■ WHAT NEEDS TO BE DONE
Give back, word for word, the lines in the listing below from the one holding "(intro mult_pos_of_not_neg) auto" down to the one holding "by (meson list.set_intros(1))", both ends included.

■ SUPPLIED MATERIAL
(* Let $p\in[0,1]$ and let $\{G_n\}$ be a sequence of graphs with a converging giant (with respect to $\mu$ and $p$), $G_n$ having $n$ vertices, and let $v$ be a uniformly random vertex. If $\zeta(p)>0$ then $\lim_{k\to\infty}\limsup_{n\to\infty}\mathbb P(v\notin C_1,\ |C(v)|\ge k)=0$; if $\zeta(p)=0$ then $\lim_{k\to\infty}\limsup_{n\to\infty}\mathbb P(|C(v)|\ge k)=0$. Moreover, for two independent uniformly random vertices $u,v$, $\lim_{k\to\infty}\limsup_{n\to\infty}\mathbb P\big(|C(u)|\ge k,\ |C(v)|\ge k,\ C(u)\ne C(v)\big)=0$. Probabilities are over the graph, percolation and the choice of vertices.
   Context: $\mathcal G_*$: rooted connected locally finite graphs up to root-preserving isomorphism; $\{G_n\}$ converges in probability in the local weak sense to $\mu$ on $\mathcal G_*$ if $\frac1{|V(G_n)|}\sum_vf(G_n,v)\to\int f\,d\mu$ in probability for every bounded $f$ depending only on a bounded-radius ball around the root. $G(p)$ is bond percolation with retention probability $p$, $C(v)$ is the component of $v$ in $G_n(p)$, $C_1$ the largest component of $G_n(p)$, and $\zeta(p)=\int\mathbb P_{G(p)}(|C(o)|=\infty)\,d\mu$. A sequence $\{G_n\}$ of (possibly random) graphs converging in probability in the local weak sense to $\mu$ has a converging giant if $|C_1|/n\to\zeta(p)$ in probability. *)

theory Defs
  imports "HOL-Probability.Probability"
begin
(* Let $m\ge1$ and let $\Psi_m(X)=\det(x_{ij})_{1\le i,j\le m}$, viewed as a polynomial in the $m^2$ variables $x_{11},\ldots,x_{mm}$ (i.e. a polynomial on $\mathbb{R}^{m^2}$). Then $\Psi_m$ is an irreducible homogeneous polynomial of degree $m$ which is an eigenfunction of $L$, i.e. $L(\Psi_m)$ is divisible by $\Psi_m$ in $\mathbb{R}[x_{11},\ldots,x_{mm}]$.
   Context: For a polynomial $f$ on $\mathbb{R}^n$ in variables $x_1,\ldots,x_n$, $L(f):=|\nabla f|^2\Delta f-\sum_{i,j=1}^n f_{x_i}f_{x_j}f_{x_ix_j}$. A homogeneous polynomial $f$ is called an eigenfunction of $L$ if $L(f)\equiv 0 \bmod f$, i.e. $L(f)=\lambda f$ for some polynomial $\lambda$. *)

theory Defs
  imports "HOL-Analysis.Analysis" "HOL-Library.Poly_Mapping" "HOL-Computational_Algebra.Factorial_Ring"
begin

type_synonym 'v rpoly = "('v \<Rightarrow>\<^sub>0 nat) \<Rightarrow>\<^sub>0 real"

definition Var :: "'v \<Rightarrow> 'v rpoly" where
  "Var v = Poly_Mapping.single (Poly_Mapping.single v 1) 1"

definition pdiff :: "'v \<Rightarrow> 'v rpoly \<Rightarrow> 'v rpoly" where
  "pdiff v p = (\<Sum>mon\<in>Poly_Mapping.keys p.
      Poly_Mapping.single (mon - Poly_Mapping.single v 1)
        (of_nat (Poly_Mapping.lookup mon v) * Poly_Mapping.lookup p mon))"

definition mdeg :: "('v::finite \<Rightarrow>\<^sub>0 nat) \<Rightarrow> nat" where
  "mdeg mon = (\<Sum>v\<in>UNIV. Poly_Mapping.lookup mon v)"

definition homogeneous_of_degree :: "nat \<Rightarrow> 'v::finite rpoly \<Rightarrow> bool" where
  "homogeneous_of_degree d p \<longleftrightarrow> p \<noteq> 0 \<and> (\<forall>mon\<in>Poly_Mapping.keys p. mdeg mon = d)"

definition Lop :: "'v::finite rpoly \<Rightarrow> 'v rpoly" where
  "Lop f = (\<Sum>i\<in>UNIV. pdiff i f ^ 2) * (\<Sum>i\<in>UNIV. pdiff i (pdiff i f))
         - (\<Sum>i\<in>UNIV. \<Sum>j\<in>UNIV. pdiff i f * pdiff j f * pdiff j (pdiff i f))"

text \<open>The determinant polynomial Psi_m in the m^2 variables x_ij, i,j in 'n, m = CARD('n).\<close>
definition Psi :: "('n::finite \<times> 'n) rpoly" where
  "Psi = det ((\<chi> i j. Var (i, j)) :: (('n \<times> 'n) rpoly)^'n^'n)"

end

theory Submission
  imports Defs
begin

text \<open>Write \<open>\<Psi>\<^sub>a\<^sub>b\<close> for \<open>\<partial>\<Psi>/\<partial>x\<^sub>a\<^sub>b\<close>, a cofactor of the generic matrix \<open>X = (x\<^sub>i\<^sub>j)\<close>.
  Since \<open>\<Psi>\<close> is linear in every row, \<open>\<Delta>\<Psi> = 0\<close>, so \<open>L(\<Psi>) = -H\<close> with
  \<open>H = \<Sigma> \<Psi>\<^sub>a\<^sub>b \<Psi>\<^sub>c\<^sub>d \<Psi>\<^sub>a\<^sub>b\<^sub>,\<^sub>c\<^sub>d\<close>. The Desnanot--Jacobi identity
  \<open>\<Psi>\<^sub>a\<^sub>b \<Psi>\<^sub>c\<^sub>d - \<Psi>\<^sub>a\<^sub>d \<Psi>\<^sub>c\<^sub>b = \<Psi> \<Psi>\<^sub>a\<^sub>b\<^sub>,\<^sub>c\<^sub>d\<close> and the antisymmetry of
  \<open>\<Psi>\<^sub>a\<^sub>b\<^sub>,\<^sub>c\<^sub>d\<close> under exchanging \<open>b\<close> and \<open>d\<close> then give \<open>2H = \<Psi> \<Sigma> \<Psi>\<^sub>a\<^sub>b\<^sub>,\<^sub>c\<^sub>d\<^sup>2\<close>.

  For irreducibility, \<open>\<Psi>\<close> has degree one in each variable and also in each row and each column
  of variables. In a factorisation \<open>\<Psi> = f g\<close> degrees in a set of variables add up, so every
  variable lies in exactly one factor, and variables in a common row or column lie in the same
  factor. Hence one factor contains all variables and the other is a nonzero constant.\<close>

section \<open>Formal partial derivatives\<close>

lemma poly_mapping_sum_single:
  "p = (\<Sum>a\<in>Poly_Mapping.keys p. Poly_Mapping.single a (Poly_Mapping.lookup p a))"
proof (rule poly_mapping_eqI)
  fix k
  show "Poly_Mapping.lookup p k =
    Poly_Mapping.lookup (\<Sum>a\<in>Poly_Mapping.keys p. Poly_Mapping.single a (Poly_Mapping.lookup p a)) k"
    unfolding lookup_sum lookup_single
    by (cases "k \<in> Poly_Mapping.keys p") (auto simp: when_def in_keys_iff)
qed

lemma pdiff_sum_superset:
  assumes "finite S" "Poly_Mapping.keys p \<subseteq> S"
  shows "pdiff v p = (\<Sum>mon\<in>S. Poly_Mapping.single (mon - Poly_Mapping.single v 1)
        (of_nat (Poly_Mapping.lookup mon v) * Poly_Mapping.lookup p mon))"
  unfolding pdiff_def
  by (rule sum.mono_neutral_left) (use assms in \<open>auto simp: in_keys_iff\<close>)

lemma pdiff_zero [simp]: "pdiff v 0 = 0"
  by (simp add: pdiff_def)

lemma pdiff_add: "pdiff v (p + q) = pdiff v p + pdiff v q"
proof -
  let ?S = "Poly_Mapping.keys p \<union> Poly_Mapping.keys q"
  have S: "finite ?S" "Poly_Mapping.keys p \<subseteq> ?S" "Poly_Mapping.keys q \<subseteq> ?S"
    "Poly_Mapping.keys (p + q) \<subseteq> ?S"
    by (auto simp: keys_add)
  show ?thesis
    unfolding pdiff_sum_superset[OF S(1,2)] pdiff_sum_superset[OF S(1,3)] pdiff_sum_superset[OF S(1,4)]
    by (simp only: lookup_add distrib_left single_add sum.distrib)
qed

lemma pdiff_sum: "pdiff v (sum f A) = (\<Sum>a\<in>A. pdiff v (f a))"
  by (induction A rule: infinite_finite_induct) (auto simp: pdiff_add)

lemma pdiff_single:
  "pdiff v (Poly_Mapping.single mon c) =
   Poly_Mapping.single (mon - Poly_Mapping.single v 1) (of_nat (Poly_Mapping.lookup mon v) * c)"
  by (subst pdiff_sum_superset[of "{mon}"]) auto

--

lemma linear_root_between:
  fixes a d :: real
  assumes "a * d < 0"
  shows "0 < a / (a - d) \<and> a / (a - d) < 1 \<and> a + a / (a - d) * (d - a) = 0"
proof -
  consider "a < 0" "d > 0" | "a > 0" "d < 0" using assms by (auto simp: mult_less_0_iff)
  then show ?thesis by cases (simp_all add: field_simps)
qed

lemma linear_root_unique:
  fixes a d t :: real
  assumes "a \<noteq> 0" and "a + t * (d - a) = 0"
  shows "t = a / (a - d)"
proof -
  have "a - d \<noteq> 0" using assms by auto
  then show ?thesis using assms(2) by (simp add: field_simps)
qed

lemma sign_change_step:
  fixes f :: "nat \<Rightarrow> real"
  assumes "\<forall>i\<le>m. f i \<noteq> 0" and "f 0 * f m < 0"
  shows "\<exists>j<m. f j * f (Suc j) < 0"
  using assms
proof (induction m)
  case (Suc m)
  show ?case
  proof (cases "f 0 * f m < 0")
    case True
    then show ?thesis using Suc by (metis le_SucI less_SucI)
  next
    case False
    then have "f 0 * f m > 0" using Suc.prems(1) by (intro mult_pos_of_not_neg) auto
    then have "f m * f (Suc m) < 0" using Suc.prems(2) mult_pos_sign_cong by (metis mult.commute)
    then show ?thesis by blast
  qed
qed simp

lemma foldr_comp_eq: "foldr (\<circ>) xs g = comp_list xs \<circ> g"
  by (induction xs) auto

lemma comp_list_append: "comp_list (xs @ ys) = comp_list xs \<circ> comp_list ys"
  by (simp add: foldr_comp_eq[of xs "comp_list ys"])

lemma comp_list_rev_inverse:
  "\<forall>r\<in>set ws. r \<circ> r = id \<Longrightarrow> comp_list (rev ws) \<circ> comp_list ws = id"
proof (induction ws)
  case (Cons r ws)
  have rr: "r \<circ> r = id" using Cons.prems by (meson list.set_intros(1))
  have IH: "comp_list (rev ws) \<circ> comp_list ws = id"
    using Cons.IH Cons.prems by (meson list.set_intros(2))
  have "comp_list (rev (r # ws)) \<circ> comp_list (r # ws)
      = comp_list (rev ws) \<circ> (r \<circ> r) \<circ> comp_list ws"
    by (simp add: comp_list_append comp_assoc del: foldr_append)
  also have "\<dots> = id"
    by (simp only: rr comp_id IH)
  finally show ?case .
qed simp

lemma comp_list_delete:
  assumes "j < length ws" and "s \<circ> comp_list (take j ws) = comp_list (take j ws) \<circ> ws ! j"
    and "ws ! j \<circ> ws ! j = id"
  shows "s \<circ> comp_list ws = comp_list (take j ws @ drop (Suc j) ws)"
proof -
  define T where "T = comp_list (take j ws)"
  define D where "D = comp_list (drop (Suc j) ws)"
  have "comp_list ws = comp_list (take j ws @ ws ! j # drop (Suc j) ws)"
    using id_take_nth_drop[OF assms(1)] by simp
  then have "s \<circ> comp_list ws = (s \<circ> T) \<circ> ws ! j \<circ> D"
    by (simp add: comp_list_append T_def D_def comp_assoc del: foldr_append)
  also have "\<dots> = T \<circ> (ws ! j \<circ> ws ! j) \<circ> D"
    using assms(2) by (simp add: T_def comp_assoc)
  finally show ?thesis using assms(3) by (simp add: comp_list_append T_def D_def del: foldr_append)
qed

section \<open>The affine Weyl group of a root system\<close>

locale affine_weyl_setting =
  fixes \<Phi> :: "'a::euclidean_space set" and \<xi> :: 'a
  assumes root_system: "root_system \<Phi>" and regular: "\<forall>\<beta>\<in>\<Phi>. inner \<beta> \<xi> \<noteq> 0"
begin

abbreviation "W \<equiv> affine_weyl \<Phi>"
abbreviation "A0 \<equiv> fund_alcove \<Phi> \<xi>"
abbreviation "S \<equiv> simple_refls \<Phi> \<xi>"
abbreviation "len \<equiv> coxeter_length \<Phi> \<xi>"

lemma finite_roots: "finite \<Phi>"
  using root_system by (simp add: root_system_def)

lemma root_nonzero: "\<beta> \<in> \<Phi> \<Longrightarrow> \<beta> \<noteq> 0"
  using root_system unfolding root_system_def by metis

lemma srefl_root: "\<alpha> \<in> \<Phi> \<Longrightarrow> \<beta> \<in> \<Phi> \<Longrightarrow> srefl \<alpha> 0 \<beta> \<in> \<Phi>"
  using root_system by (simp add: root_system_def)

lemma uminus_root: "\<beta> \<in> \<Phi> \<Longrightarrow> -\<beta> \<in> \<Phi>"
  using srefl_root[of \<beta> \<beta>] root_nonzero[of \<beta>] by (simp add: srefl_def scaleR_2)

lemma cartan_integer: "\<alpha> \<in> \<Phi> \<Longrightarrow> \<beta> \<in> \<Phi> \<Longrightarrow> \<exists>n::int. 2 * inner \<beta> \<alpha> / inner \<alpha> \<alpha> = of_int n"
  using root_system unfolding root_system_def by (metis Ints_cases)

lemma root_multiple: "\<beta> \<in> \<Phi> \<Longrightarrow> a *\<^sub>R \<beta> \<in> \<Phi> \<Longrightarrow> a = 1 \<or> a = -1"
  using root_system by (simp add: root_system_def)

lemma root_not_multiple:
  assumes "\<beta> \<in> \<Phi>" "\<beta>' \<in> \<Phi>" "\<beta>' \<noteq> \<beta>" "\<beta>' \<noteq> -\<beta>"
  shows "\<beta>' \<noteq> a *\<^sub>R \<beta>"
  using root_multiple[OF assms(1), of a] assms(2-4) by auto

■ FINAL ANSWER
    then have "f 0 * f m > 0" using Suc.prems(1) by (intro mult_pos_of_not_neg) auto
    then have "f m * f (Suc m) < 0" using Suc.prems(2) mult_pos_sign_cong by (metis mult.commute)
    then show ?thesis by blast
  qed
qed simp

lemma foldr_comp_eq: "foldr (\<circ>) xs g = comp_list xs \<circ> g"
  by (induction xs) auto

lemma comp_list_append: "comp_list (xs @ ys) = comp_list xs \<circ> comp_list ys"
  by (simp add: foldr_comp_eq[of xs "comp_list ys"])

lemma comp_list_rev_inverse:
  "\<forall>r\<in>set ws. r \<circ> r = id \<Longrightarrow> comp_list (rev ws) \<circ> comp_list ws = id"
proof (induction ws)
  case (Cons r ws)
  have rr: "r \<circ> r = id" using Cons.prems by (meson list.set_intros(1))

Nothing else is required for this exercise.